### [Data records]
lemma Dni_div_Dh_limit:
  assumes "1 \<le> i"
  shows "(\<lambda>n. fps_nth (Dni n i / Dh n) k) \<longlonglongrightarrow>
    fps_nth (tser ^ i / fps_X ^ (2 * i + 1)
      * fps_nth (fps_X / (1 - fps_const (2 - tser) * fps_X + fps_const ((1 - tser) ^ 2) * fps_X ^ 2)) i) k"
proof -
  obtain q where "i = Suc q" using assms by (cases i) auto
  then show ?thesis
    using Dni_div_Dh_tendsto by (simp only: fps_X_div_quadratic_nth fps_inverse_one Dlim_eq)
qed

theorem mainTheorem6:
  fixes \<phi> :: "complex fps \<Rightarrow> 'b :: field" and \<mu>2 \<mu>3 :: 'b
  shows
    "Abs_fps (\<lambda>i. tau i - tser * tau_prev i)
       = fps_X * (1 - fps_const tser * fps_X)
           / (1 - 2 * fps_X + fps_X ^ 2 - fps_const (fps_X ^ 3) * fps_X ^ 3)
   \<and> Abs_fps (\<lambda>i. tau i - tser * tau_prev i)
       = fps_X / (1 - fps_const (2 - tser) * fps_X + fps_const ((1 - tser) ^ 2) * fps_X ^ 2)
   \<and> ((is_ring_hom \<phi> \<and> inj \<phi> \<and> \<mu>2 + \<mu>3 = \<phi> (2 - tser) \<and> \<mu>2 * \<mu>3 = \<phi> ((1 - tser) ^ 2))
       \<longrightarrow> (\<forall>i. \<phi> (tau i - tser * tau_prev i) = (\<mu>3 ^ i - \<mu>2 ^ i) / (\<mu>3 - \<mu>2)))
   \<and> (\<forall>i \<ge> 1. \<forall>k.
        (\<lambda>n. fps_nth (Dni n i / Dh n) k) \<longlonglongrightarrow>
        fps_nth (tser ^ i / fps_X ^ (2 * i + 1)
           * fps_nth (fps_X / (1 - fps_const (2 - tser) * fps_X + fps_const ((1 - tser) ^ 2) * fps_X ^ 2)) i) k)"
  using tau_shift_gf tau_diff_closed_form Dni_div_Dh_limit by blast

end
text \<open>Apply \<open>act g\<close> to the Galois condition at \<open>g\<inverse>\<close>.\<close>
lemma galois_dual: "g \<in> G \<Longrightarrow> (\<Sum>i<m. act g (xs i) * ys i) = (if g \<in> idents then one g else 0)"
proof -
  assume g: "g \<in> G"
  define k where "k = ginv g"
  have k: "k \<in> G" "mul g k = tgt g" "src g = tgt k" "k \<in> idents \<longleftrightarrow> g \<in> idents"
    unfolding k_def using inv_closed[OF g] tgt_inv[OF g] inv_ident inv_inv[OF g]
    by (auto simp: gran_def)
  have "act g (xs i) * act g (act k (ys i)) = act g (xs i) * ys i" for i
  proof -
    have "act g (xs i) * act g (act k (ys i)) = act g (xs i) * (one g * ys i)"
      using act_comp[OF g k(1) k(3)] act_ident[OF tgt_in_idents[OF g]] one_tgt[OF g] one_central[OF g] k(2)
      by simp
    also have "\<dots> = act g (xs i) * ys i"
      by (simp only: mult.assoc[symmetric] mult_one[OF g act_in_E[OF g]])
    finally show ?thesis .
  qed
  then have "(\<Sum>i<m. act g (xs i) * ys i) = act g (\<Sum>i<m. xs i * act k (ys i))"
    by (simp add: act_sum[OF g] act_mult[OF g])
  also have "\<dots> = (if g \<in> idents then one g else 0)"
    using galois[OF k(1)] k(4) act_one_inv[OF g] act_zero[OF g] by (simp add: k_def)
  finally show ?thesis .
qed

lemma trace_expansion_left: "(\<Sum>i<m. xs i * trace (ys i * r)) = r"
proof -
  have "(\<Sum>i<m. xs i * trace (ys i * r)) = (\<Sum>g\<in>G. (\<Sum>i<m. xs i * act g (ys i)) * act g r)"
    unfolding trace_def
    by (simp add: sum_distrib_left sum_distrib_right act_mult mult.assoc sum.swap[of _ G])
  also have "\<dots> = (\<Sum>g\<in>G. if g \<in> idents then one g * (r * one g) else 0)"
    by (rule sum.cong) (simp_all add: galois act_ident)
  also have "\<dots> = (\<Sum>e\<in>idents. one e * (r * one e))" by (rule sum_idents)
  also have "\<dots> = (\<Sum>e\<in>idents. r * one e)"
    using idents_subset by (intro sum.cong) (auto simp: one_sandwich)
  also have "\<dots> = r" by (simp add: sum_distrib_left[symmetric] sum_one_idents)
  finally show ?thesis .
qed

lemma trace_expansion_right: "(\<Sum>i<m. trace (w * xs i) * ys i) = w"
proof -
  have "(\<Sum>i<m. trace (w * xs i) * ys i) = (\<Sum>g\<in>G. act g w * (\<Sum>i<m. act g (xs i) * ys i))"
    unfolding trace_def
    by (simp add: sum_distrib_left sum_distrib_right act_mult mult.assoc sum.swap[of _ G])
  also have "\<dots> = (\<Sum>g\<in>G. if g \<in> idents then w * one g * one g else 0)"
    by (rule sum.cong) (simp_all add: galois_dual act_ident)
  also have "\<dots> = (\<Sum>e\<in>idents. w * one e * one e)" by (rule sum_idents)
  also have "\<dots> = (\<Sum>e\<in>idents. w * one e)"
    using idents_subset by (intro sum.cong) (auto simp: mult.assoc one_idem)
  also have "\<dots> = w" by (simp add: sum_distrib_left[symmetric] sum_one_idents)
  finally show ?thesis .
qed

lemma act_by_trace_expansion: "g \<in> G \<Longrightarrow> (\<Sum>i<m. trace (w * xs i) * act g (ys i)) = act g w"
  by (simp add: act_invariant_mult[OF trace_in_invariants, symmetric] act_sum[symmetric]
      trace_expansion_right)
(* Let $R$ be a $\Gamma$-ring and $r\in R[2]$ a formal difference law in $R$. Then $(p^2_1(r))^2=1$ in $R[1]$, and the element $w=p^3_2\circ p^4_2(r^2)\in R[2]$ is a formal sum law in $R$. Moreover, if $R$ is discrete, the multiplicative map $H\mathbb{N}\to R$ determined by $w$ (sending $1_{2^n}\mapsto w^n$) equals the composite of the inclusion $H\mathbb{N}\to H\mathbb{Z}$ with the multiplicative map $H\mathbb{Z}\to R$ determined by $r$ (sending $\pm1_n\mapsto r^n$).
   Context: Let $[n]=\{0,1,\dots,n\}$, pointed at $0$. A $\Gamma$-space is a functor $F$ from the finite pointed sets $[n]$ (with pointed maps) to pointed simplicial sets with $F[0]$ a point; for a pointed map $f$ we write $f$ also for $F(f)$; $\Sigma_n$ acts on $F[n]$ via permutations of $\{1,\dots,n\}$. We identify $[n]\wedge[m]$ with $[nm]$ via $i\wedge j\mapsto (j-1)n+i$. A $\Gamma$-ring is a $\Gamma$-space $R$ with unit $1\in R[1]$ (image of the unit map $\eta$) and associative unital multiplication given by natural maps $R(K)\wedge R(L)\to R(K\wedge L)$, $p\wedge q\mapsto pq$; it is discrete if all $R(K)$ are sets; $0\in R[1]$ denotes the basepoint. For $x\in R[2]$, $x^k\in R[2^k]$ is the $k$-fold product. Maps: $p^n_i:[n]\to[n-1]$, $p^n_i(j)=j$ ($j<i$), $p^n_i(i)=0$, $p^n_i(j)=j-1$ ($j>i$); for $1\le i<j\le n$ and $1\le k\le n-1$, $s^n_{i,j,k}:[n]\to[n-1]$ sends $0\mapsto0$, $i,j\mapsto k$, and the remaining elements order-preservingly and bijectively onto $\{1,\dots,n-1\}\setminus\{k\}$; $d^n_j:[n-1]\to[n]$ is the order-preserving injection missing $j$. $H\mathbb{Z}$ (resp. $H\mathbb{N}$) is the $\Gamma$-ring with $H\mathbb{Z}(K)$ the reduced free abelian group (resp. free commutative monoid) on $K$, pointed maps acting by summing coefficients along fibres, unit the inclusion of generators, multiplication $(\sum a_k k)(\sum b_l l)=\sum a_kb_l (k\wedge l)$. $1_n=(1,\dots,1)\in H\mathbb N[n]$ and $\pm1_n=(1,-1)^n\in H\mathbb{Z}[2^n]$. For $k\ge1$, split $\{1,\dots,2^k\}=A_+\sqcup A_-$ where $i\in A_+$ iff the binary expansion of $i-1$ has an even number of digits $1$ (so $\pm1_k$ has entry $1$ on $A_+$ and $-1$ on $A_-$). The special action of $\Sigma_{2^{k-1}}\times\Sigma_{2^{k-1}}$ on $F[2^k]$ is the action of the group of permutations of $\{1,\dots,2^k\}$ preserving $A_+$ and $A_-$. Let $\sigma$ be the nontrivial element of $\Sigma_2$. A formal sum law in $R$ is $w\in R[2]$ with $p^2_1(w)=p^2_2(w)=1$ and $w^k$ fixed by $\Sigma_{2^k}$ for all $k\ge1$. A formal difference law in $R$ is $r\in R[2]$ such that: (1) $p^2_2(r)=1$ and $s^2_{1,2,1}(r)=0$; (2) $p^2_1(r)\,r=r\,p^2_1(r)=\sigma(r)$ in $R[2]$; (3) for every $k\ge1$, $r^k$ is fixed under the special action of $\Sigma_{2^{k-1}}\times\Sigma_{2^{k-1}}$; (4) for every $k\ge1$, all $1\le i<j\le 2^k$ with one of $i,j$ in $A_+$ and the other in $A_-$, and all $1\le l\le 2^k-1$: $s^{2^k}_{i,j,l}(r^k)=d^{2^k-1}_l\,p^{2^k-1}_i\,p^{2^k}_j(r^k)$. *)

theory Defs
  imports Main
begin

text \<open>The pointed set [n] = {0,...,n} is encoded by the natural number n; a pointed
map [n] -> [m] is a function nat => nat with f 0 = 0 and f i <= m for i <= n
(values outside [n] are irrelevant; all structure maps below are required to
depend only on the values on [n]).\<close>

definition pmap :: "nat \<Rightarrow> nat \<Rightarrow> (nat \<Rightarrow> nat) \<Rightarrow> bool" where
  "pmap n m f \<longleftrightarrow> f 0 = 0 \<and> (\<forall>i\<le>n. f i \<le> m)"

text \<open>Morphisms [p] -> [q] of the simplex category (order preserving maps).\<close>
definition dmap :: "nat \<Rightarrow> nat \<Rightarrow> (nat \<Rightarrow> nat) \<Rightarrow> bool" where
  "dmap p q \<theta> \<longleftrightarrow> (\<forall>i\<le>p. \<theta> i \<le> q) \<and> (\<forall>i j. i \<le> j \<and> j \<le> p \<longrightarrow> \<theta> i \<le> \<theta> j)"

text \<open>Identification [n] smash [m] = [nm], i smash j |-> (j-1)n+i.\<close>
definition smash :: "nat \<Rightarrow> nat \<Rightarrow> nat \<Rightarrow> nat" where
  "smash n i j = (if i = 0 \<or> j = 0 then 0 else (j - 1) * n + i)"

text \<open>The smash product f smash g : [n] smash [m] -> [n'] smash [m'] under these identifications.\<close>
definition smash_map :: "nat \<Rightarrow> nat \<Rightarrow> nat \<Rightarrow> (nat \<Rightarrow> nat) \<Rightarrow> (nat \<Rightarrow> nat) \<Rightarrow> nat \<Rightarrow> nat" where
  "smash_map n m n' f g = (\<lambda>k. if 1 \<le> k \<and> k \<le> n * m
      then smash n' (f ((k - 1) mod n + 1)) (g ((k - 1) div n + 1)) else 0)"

### [Exercise objective]
The line above containing "using idents_subset by (intro sum.cong) (auto simp: mult.assoc", the line containing "(* Let $R$ be", and every line between them are to be transcribed exactly; no other line is wanted.

### [Answer section]
    using idents_subset by (intro sum.cong) (auto simp: mult.assoc one_idem)
  also have "\<dots> = w" by (simp add: sum_distrib_left[symmetric] sum_one_idents)
  finally show ?thesis .
qed

lemma act_by_trace_expansion: "g \<in> G \<Longrightarrow> (\<Sum>i<m. trace (w * xs i) * act g (ys i)) = act g w"
  by (simp add: act_invariant_mult[OF trace_in_invariants, symmetric] act_sum[symmetric]
      trace_expansion_right)
(* Let $R$ be a $\Gamma$-ring and $r\in R[2]$ a formal difference law in $R$. Then $(p^2_1(r))^2=1$ in $R[1]$, and the element $w=p^3_2\circ p^4_2(r^2)\in R[2]$ is a formal sum law in $R$. Moreover, if $R$ is discrete, the multiplicative map $H\mathbb{N}\to R$ determined by $w$ (sending $1_{2^n}\mapsto w^n$) equals the composite of the inclusion $H\mathbb{N}\to H\mathbb{Z}$ with the multiplicative map $H\mathbb{Z}\to R$ determined by $r$ (sending $\pm1_n\mapsto r^n$).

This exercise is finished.